Deep breath. Then, preempting anything the Voice might say, Control launched into a shouted string of obscenities of the most vile kind, contorting his throat, hurting it. After a surprised pause, the Voice shouted “Enough!” then muttered something long and quivery and curling. Control lost the thread. The bullhorn went off. Control shook himself out of it, read the words on the orange sheet of paper. Checked off the first line. Launched again into a string of obscenities. “Enough!” Again, persistent, stubborn, the Voice muttered something, this time moist and short and darting. Control floated and floated and forgot. The bullhorn went off. Control saw the words on the orange sheet of paper. Checked off the second line. Obscenities. Mutters. Floating. Bullhorn ripping through. Control saw the words on the orange sheet of paper. Check mark. Repeat. Rinse. Repeat. Fifth time. Sixth time. The seventh time the script changed. He fed back to the Voice all the muttering glottal, moist, soft words he’d gleaned from the director’s cheat sheet. Heard the wet gasp and shriek of hitting the target, then an awkward lunge of words toward him, but feeble, disconnected, unintelligible.

That had left a scar. He doubted his incantation had had the full effect, but the point was that the Voice knew and had had a very unpleasant experience.
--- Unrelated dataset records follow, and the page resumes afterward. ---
(* Each rim vertex of the wheel has degree 3: the sink and its two rim neighbours.  If d >= 0 on
   the rim has at most one zero, the only set that can be forbidden for d is the whole rim, since
   a proper part of the rim has an end on either side where d would have to vanish.  For strong
   recurrence, c^{v-} lowers c by one away from a vertex v with c v = 2, so recurrence of c^{v-}
   forces c >= 1, and two 1's of c would leave a forbidden arc in c^{v-}; conversely, for c in
   {1,2}^n with at most one 1 the observation above makes c and every c^{v-} recurrent.

   A parking function p has some value 1, and a maximal run of 1's splits off as a
   decomposition unless it covers all of the rim but one vertex, which then carries 2.  Rotating
   the wheel, an automorphism fixing the sink, moves any value other than 1 to the vertex n, so
   prime parking functions are the p in {1,2}^n with at most one 2.  Both families are fixed by
   the position of at most one marked vertex, hence have n + 1 members. *)

lemma exists_maximal_run:
  fixes P :: "nat \<Rightarrow> bool"
  assumes "P v" "1 \<le> v" "v < m" "\<not> P m"
  obtains j k where "1 \<le> j" "j \<le> k" "k < m" "\<forall>l\<in>{j..k}. P l"
    "\<not> P (Suc k)" "j = 1 \<or> \<not> P (j - 1)"
proof -
  define i where "i = (LEAST i. v < i \<and> \<not> P i)"
  have "v < i \<and> \<not> P i"
    unfolding i_def by (rule LeastI[of _ m]) (use assms in auto)
  moreover have "i \<le> m"
    unfolding i_def by (rule Least_le) (use assms in auto)
  ultimately obtain k where k: "i = Suc k" "v \<le> k" "\<not> P (Suc k)" "k < m"
    by (cases i) auto
  have right: "P l" if "v \<le> l" "l \<le> k" for l
    using that not_less_Least[of l "\<lambda>i. v < i \<and> \<not> P i"] \<open>P v\<close>
    unfolding i_def[symmetric] k(1) by (cases "l = v") auto
  define j where "j = (LEAST j. 1 \<le> j \<and> (\<forall>l\<in>{j..v}. P l))"
  have "1 \<le> j \<and> (\<forall>l\<in>{j..v}. P l)"
    unfolding j_def by (rule LeastI[of _ v]) (use assms in auto)
  moreover have "j \<le> v"
    unfolding j_def by (rule Least_le) (use assms in auto)
  ultimately have j: "1 \<le> j" "j \<le> v" "\<And>l. j \<le> l \<Longrightarrow> l \<le> v \<Longrightarrow> P l"
    by auto
  have "j = 1 \<or> \<not> P (j - 1)"
  proof (rule ccontr)
    assume "\<not> (j = 1 \<or> \<not> P (j - 1))"
    moreover have "l = j - 1 \<or> j \<le> l" if "j - 1 \<le> l" for l
      using that by linarith
    ultimately have "1 \<le> j - 1 \<and> (\<forall>l\<in>{j - 1..v}. P l)"
      using j by fastforce
    then have "j \<le> j - 1"
      unfolding j_def by (rule Least_le)
    with j(1) show False
      by linarith
  qed
  moreover have "\<forall>l\<in>{j..k}. P l"
    using j right by (meson atLeastAtMost_iff nat_le_linear)
  ultimately show ?thesis
    using that[of j k] j k by simp
qed

lemma card_filter_le_1_unique:
  assumes "card {i \<in> R. P i} \<le> 1" "finite R" "x \<in> R" "y \<in> R" "P x" "P y"
  shows "x = y"
  using assms card_le_Suc0_iff_eq[of "{i \<in> R. P i}"] by auto

lemma card_functions_at_most_one_value:
  fixes a b :: "'b::zero"
  assumes "finite R" and "a \<noteq> b"
  shows "card {c :: 'a \<Rightarrow> 'b. (\<forall>i\<in>R. c i \<in> {a, b}) \<and> card {i \<in> R. c i = a} \<le> 1
            \<and> (\<forall>u. u \<notin> R \<longrightarrow> c u = 0)} = card R + 1"
proof -
  define mark where "mark k = (\<lambda>i. if i \<in> R then if i = k then a else b else 0)" for k
  define none where "none = (\<lambda>i. if i \<in> R then b else (0::'b))"
  let ?C = "{c. (\<forall>i\<in>R. c i \<in> {a, b}) \<and> card {i \<in> R. c i = a} \<le> 1 \<and> (\<forall>u. u \<notin> R \<longrightarrow> c u = 0)}"
  have "?C \<subseteq> insert none (mark ` R)"
  proof
    fix c assume c: "c \<in> ?C"
    then have unique: "x = y" if "x \<in> R" "y \<in> R" "c x = a" "c y = a" for x y
      using that \<open>finite R\<close> by (auto intro: card_filter_le_1_unique)
    show "c \<in> insert none (mark ` R)"
    proof (cases "\<exists>k\<in>R. c k = a")
      case True
      then obtain k where "k \<in> R" "c k = a"
        by blast
      with c unique have "c = mark k"
        unfolding mark_def by (fastforce simp: fun_eq_iff)
      with \<open>k \<in> R\<close> show ?thesis
        by blast
    next
      case False
      with c have "c = none"
        unfolding none_def by (fastforce simp: fun_eq_iff)
      then show ?thesis
        by blast
    qed
  qed
  moreover have "insert none (mark ` R) \<subseteq> ?C"
  proof -
    have "{i \<in> R. mark k i = a} \<subseteq> {k}" for k
      using \<open>a \<noteq> b\<close> unfolding mark_def by auto
    then have "card {i \<in> R. mark k i = a} \<le> 1" for k
      using card_mono[of "{k}"] by fastforce
    then show ?thesis
      using \<open>a \<noteq> b\<close> by (auto simp: mark_def none_def split: if_splits)
  qed
  ultimately have "?C = insert none (mark ` R)"
    by blast
  moreover have "none \<notin> mark ` R"
  proof
    assume "none \<in> mark ` R"
    then obtain k where "k \<in> R" "none k = mark k k"
      by auto
    with \<open>a \<noteq> b\<close> show False
      by (simp add: mark_def none_def)
  qed
  moreover have "inj_on mark R"
    using \<open>a \<noteq> b\<close> by (auto simp: inj_on_def mark_def fun_eq_iff split: if_splits)
  ultimately show ?thesis
    using \<open>finite R\<close> by (simp add: card_image)
qed

section \<open>Rooted graphs\<close>

lemma recurrent_cfg_nonneg:
  assumes "recurrent_cfg V s M c" and "v \<in> V - {s}" and "M v v = 0"
  shows "0 \<le> c v"
proof (rule ccontr)
  assume "\<not> 0 \<le> c v"
  then have "\<forall>u\<in>{v}. c u < degA M {v} u"
    using \<open>M v v = 0\<close> by (simp add: degA_def)
  with assms show False
    unfolding recurrent_cfg_def by blast
qed

lemma parking_fn_le_mult_sinkI:
  assumes "finite W" "s \<in> W" and "\<forall>v\<in>W - {s}. 1 \<le> p v \<and> p v \<le> int (M v s)"
  shows "parking_fn W s M p"
  unfolding parking_fn_def
proof (intro conjI allI impI ballI)
  fix S assume S: "S \<noteq> {} \<and> S \<subseteq> W - {s}"
  then obtain v where v: "v \<in> S"
    by blast
  have "int (M v s) \<le> degA M (W - S) v"
    unfolding degA_def using assms S by (intro member_le_sum) auto
  with v S assms show "\<exists>v\<in>S. p v \<le> degA M (W - S) v"
    by force
qed (use assms in auto)

(* The parking condition on G^B is inherited from p, since deg^(V - S) splits as
   deg^A + deg^((B \<union> {s}) - S). *)
lemma decomposableI:
  assumes "finite V" and "s \<in> V" and park: "parking_fn V s M p"
    and "A \<noteq> {}" "B \<noteq> {}" and disj: "A \<inter> B = {}" and AB: "A \<union> B = V - {s}"
    and "parking_fn (A \<union> {s}) s M p"
    and pos: "\<forall>v\<in>B. 1 \<le> p v - degA M A v"
  shows "decomposable V s M p A B"
proof -
  have "\<exists>v\<in>S. p v - degA M A v \<le> degA M (B \<union> {s} - S) v"
    if S: "S \<noteq> {}" "S \<subseteq> B \<union> {s} - {s}" for S
  proof -
    have "S \<subseteq> V - {s}"
      using S AB by blast
    then obtain v where "v \<in> S" "p v \<le> degA M (V - S) v"
      using park S(1) unfolding parking_fn_def by blast
    moreover have "degA M (V - S) v = degA M A v + degA M (B \<union> {s} - S) v"
    proof -
      have "V - S = A \<union> (B \<union> {s} - S)" "A \<inter> (B \<union> {s} - S) = {}"
        using \<open>s \<in> V\<close> disj AB S by blast+
      moreover have "finite A" "finite (B \<union> {s} - S)"
        using \<open>finite V\<close> AB by (auto intro: finite_subset)
      ultimately show ?thesis
        unfolding degA_def by (simp add: sum.union_disjoint)
    qed
    ultimately show ?thesis
      by force
  qed
  with pos have "parking_fn (B \<union> {s}) s M (\<lambda>v. p v - degA M A v)"
    unfolding parking_fn_def by auto
  with assms show ?thesis
    unfolding decomposable_def by blast
qed
lemma qp_cauchy_uminus: "qp_cauchy p X \<Longrightarrow> qp_cauchy p (\<lambda>n. - X n)"
  unfolding qp_cauchy_def by (metis minus_diff_eq minus_diff_minus padic_abs_uminus)

lemma qp_cauchy_diff:
  assumes "prime p" "qp_cauchy p X" "qp_cauchy p Y"
  shows "qp_cauchy p (\<lambda>n. X n - Y n)"
  using qp_cauchy_add[OF assms(1,2) qp_cauchy_uminus[OF assms(3)]] by simp

lemma qp_norm_uminus [simp]: "qp_norm p (\<lambda>n. - X n) = qp_norm p X"
  unfolding qp_norm_def by simp

lemma qp_norm_minus_commute: "qp_norm p (\<lambda>n. X n - Y n) = qp_norm p (\<lambda>n. Y n - X n)"
  unfolding qp_norm_def by (simp add: padic_abs_minus_commute)

lemma qp_norm_add_le_max:
  assumes p: "prime p" and X: "qp_cauchy p X" and Y: "qp_cauchy p Y"
  shows "qp_norm p (\<lambda>n. X n + Y n) \<le> max (qp_norm p X) (qp_norm p Y)"
proof (rule LIMSEQ_le)
  show "(\<lambda>n. padic_abs p (X n + Y n)) \<longlonglongrightarrow> qp_norm p (\<lambda>n. X n + Y n)"
    using qp_norm_LIMSEQ[OF p qp_cauchy_add[OF p X Y]] .
  show "(\<lambda>n. max (padic_abs p (X n)) (padic_abs p (Y n))) \<longlonglongrightarrow> max (qp_norm p X) (qp_norm p Y)"
    by (intro tendsto_max qp_norm_LIMSEQ[OF p X] qp_norm_LIMSEQ[OF p Y])
  show "\<exists>N. \<forall>n\<ge>N. padic_abs p (X n + Y n) \<le> max (padic_abs p (X n)) (padic_abs p (Y n))"
    using padic_abs_add_le_max[OF p] by blast
qed

lemma qp_norm_diff_le_max:
  assumes p: "prime p" and X: "qp_cauchy p X" and Y: "qp_cauchy p Y"
  shows "qp_norm p (\<lambda>n. X n - Y n) \<le> max (qp_norm p X) (qp_norm p Y)"
  using qp_norm_add_le_max[OF p X qp_cauchy_uminus[OF Y]] by simp

lemma qp_norm_le_max_diff:
  assumes p: "prime p" and X: "qp_cauchy p X" and Y: "qp_cauchy p Y"
  shows "qp_norm p X \<le> max (qp_norm p (\<lambda>n. X n - Y n)) (qp_norm p Y)"
  using qp_norm_add_le_max[OF p qp_cauchy_diff[OF p X Y] Y] by simp

lemma qp_norm_eq_if_diff_less:
  assumes p: "prime p" and X: "qp_cauchy p X" and Y: "qp_cauchy p Y"
    and less: "qp_norm p (\<lambda>n. X n - Y n) < qp_norm p Y"
  shows "qp_norm p X = qp_norm p Y"
  using qp_norm_le_max_diff[OF p X Y] qp_norm_le_max_diff[OF p Y X] less
  by (auto simp: qp_norm_minus_commute[of p X Y])

lemma qp_norm_eq_iff_eq_if_diff_less:
  assumes p: "prime p" and X: "qp_cauchy p X" and Y: "qp_cauchy p Y"
    and less: "qp_norm p (\<lambda>n. X n - Y n) < r"
  shows "qp_norm p X = r \<longleftrightarrow> qp_norm p Y = r"
  using qp_norm_eq_if_diff_less[OF p X Y] qp_norm_eq_if_diff_less[OF p Y X] less
  by (auto simp: qp_norm_minus_commute[of p X Y])

section \<open>Compactly supported continuous functions\<close>

lemma compact_closed_subset: "compact S \<Longrightarrow> closed T \<Longrightarrow> T \<subseteq> S \<Longrightarrow> compact T"
  by (metis compact_Int_closed inf.absorb2)

lemma C00_D:
  assumes "f \<in> C00 p"
  shows C00_qp_cauchy: "qp_cauchy p (f x)"
    and C00_continuous: "e > 0 \<Longrightarrow> \<exists>U. open U \<and> x \<in> U \<and> (\<forall>y\<in>U. qp_norm p (\<lambda>n. f y n - f x n) < e)"
    and C00_compact_support: "\<exists>K. compact K \<and> (\<forall>x. x \<notin> K \<longrightarrow> qp_norm p (f x) = 0)"
  using assms by (auto simp: C00_def)

lemma C00_bounded:
  assumes p: "prime p" and f: "f \<in> C00 p"
  shows "bdd_above (range (\<lambda>x. qp_norm p (f x)))"
proof -
  note cauchy = C00_qp_cauchy[OF f]
  obtain S where S: "compact S" "\<And>x. x \<notin> S \<Longrightarrow> qp_norm p (f x) = 0"
    using C00_compact_support[OF f] by blast
  define U where "U x = (SOME U. open U \<and> x \<in> U \<and> (\<forall>y\<in>U. qp_norm p (\<lambda>n. f y n - f x n) < 1))"
    for x
  have U: "open (U x) \<and> x \<in> U x \<and> (\<forall>y\<in>U x. qp_norm p (\<lambda>n. f y n - f x n) < 1)" for x
    unfolding U_def by (rule someI_ex) (rule C00_continuous[OF f zero_less_one])
  hence U_open: "open (U x)" for x by blast
  have "S \<subseteq> (\<Union>c\<in>S. U c)" using U by blast
  with U_open obtain S' where S': "S' \<subseteq> S" "finite S'" "S \<subseteq> (\<Union>c\<in>S'. U c)"
    by (rule compactE_image[OF S(1)])
  define B where "B = Max (insert 1 ((\<lambda>x. qp_norm p (f x)) ` S'))"
  have B1: "1 \<le> B" and B2: "\<And>x. x \<in> S' \<Longrightarrow> qp_norm p (f x) \<le> B"
    unfolding B_def using S'(2) by auto
  have "qp_norm p (f y) \<le> B" for y
  proof (cases "y \<in> S")
    case False thus ?thesis using S(2) B1 by simp
  next
    case True
    then obtain c where c: "c \<in> S'" "y \<in> U c" using S'(3) by blast
    have "qp_norm p (\<lambda>n. f y n - f c n) < 1" using U[of c] c(2) by blast
    hence "max (qp_norm p (\<lambda>n. f y n - f c n)) (qp_norm p (f c)) \<le> B"
      using B1 B2[OF c(1)] by simp
    thus ?thesis using qp_norm_le_max_diff[OF p cauchy cauchy, of y c] by linarith
  qed
  thus ?thesis by (intro bdd_aboveI2)
qed

lemma qp_norm_le_sup_norm:
  "bdd_above (range (\<lambda>x. qp_norm p (f x))) \<Longrightarrow> qp_norm p (f x) \<le> sup_norm p f"
  unfolding sup_norm_def by (rule cSUP_upper) auto

lemma C00_qp_norm_translate_diff_le:
  assumes p: "prime p" and f: "f \<in> C00 p"
  shows "qp_norm p (\<lambda>n. f (- g + x) n - f x n) \<le> sup_norm p (fun_diff (translate g f) f)"
proof -
  note cauchy = C00_qp_cauchy[OF f]
  obtain B where B: "\<And>x. qp_norm p (f x) \<le> B"
    using C00_bounded[OF p f] by (auto simp: bdd_above_def)
  have "qp_norm p (\<lambda>n. f (- g + y) n - f y n) \<le> B" for y
    using qp_norm_diff_le_max[OF p cauchy cauchy, of "- g + y" y] B[of "- g + y"] B[of y] by simp
  hence "bdd_above (range (\<lambda>y. qp_norm p (fun_diff (translate g f) f y)))"
    unfolding fun_diff_def translate_def by (intro bdd_aboveI2) simp
  from qp_norm_le_sup_norm[OF this] show ?thesis
    unfolding fun_diff_def translate_def .
qed
(* Let $\mathbb{F}$ be an algebraically closed field of characteristic zero, $n\geq1$, and $A\in{\rm GL}_n(\mathbb{F})$. Then there exists an invertible diagonal matrix $D\in{\rm D}_n(\mathbb{F})$ such that $AD$ has $n$ pairwise distinct eigenvalues.
   Context: ${\rm D}_n(\mathbb{F})$ denotes the group of invertible diagonal $n\times n$ matrices over $\mathbb{F}$. *)

theory Defs
  imports "Jordan_Normal_Form.Char_Poly" "HOL-Computational_Algebra.Polynomial"
begin

end

theory Submission imports Defs begin

text \<open>Scaling the last column of \<open>A\<close> by \<open>s\<close> makes the characteristic
  polynomial affine in \<open>s\<close>: it equals \<open>f - s g\<close> with \<open>deg g < n\<close>, where \<open>f = x \<chi>\<close> and \<open>\<chi>\<close>
  is the characteristic polynomial of the scaled leading \<open>(n-1)\<times>(n-1)\<close> block. By induction the
  nonzero roots of \<open>\<chi>\<close>, hence of \<open>f\<close>, are simple. Since \<open>deg g < deg f\<close>, the Wronskian
  \<open>f' g - f g'\<close> is nonzero, and this leaves only finitely many \<open>s\<close> for which \<open>f - s g\<close> has a
  multiple nonzero root. Finally \<open>A D\<close> is invertible, so \<open>0\<close> is not an eigenvalue and all
  \<open>n\<close> roots of its characteristic polynomial are simple, i.e. distinct.\<close>

definition simple_roots_on :: "'a set \<Rightarrow> 'a::idom poly \<Rightarrow> bool" where
  "simple_roots_on S p \<longleftrightarrow> (\<forall>x\<in>S. poly p x = 0 \<longrightarrow> poly (pderiv p) x \<noteq> 0)"

lemma wronskian_poly_neq_0:
  fixes f g :: "'a::field_char_0 poly"
  assumes deg: "degree g < degree f" and g0: "g \<noteq> 0"
  shows "pderiv f * g - f * pderiv g \<noteq> 0"
proof -
  obtain n where df: "degree f = Suc n" using deg by (cases "degree f") auto
  define m where "m = degree g"
  have "m \<le> n" using deg df m_def by simp
  have "f \<noteq> 0" using deg by auto
  then have lf: "coeff f (Suc n) \<noteq> 0" using df by (metis leading_coeff_0_iff)
  have lg: "coeff g m \<noteq> 0" using g0 m_def by simp
  have c1: "coeff (pderiv f * g) (n + m) = of_nat (Suc n) * coeff f (Suc n) * coeff g m"
    using coeff_mult_degree_sum[of "pderiv f" g] df m_def by (simp add: degree_pderiv coeff_pderiv)
  have c2: "coeff (f * pderiv g) (n + m) = of_nat m * coeff f (Suc n) * coeff g m"
  proof (cases m)
    case 0
    then have "pderiv g = 0" using m_def by (simp add: pderiv_eq_0_iff)
    then show ?thesis using 0 by simp
  next
    case (Suc k)
    have "coeff (f * pderiv g) (Suc n + k) = coeff f (Suc n) * coeff (pderiv g) k"
      using coeff_mult_degree_sum[of f "pderiv g"] df Suc m_def by (simp add: degree_pderiv)
    then show ?thesis using Suc by (simp add: coeff_pderiv algebra_simps)
  qed
  have "(of_nat (Suc n) - of_nat m :: 'a) \<noteq> 0"
    using \<open>m \<le> n\<close> of_nat_eq_iff[of "Suc n" m] by (auto simp del: of_nat_Suc)
  moreover have "coeff (pderiv f * g - f * pderiv g) (n + m)
      = (of_nat (Suc n) - of_nat m) * coeff f (Suc n) * coeff g m"
    using c1 c2 by (simp add: algebra_simps)
  ultimately have "coeff (pderiv f * g - f * pderiv g) (n + m) \<noteq> 0"
    using lf lg by simp
  then show ?thesis by auto
qed

lemma finite_non_simple_roots_perturbation:
  fixes f g :: "'a::field_char_0 poly"
  assumes deg: "degree g < degree f" and f: "simple_roots_on S f"
  shows "finite {s. \<not> simple_roots_on S (f - Polynomial.smult s g)}"
proof (cases "g = 0")
  case True
  then show ?thesis using f by simp
next
  case False
  define W where "W = pderiv f * g - f * pderiv g"
  have "W \<noteq> 0" using wronskian_poly_neq_0[OF deg False] W_def by simp
  have "f \<noteq> 0" using deg by auto
  text \<open>A multiple root \<open>x\<close> of \<open>f - s g\<close> is a root of the Wronskian with \<open>s = f(x)/g(x)\<close>
    if \<open>g(x) \<noteq> 0\<close>; otherwise it is a (simple) root of \<open>f\<close> with \<open>s = f'(x)/g'(x)\<close>.\<close>
  have "{s. \<not> simple_roots_on S (f - Polynomial.smult s g)} \<subseteq>
      (\<lambda>x. poly f x / poly g x) ` {x. poly W x = 0} \<union>
      (\<lambda>x. poly (pderiv f) x / poly (pderiv g) x) ` {x. poly f x = 0}"
  proof
    fix s assume "s \<in> {s. \<not> simple_roots_on S (f - Polynomial.smult s g)}"
    then obtain x where x: "x \<in> S" and r: "poly f x = s * poly g x"
      and d: "poly (pderiv f) x = s * poly (pderiv g) x"
      by (auto simp: simple_roots_on_def pderiv_diff Polynomial.pderiv_smult)
    show "s \<in> (\<lambda>x. poly f x / poly g x) ` {x. poly W x = 0} \<union>
      (\<lambda>x. poly (pderiv f) x / poly (pderiv g) x) ` {x. poly f x = 0}"
    proof (cases "poly g x = 0")
      case True
      then have "poly f x = 0" using r by simp
      then have "poly (pderiv f) x \<noteq> 0" using f x by (auto simp: simple_roots_on_def)
      then have "s = poly (pderiv f) x / poly (pderiv g) x" using d by auto
      then show ?thesis using \<open>poly f x = 0\<close> by blast
    next
      case False
      then have "s = poly f x / poly g x" using r by simp
      moreover have "poly W x = 0" unfolding W_def using r d by simp
      ultimately show ?thesis by blast
    qed
  qed
  then show ?thesis
    using poly_roots_finite[OF \<open>W \<noteq> 0\<close>] poly_roots_finite[OF \<open>f \<noteq> 0\<close>] finite_subset by blast
qed

lemma size_proots_alg_closed:
  fixes p :: "'a::alg_closed_field poly"
  assumes "p \<noteq> 0"
  shows "size (proots p) = degree p"
proof -
  obtain M where "size M = degree p" and p: "p = Polynomial.smult (lead_coeff p) (\<Prod>x\<in>#M. [:-x, 1:])"
    using alg_closed_imp_factorization[OF assms] by blast
  have "proots (\<Prod>x\<in>#M. [:-x, 1:]) = M"
  proof (induction M)
    case (add x M)
    have "(\<Prod>y\<in>#M. [:-y, 1:]) \<noteq> 0" by (auto simp: prod_mset_zero_iff)
    then show ?case using add.IH by (simp add: proots_mult del: mult_pCons_left)
  qed simp
  then have "proots p = M"
    using assms by (subst p) simp
  then show ?thesis using \<open>size M = degree p\<close> by simp
qed

lemma card_roots_rsquarefree:
  assumes "rsquarefree p"
  shows "card {x. poly p x = 0} = size (proots p)"
proof -
  have "p \<noteq> 0" using assms by (simp add: rsquarefree_def)
  have "size (proots p) = (\<Sum>x\<in>{x. poly p x = 0}. order x p)"
    using \<open>p \<noteq> 0\<close> by (simp add: size_multiset_overloaded_eq)
  also have "\<dots> = (\<Sum>x\<in>{x. poly p x = 0}. 1)"
    using assms \<open>p \<noteq> 0\<close> by (intro sum.cong) (auto simp: rsquarefree_root_order)
  finally show ?thesis by simp
qed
The bullhorn went off. Control saw the words on the orange sheet of paper. He was done. The Voice was done. They’d have to get another handler, one not quite so manipulative.

“Here’s a joke for you,” Control said. “What’s the difference between a magician and a spy?” Then he hung up.

* * *

He had reviewed the surveillance of his Wednesday and Thursday conversations with the Voice on Friday night after a vigorous jog. He’d been suspicious, hadn’t trusted the way he seemed to fade in and out during those conversations, or how the Voice had infiltrated his thoughts. With Chorizo on his lap, and the feed piped in from his phone to the television, Control had seen the Voice execute hypnotic commands, seen himself become unfocused, head floating a bit on his neck, eyelids fluttering, while the Voice, never dropping the metallic, guttural disguise, gave him orders and suggestions. The Voice told him not to worry about Whitby, to put his concern aside, minimize it, because “Whitby’s never mattered.” But then later backtracked and expressed interest in him finding Whitby’s strange room. Had he been drawn to that hidey-hole because of some subliminal intel? A reference to Grace, along with an order to go back to her office, then some dithering about “too risky” when the Voice learned about the new locks. A lot of exasperation about the director’s notes and the slow progress in sorting through them. That this was mostly due to the director’s disorganized process made him wonder if that had been the point of the chaos. Had the Voice even told Control to go by “Control” at the agency? Resisted the madness of such thoughts.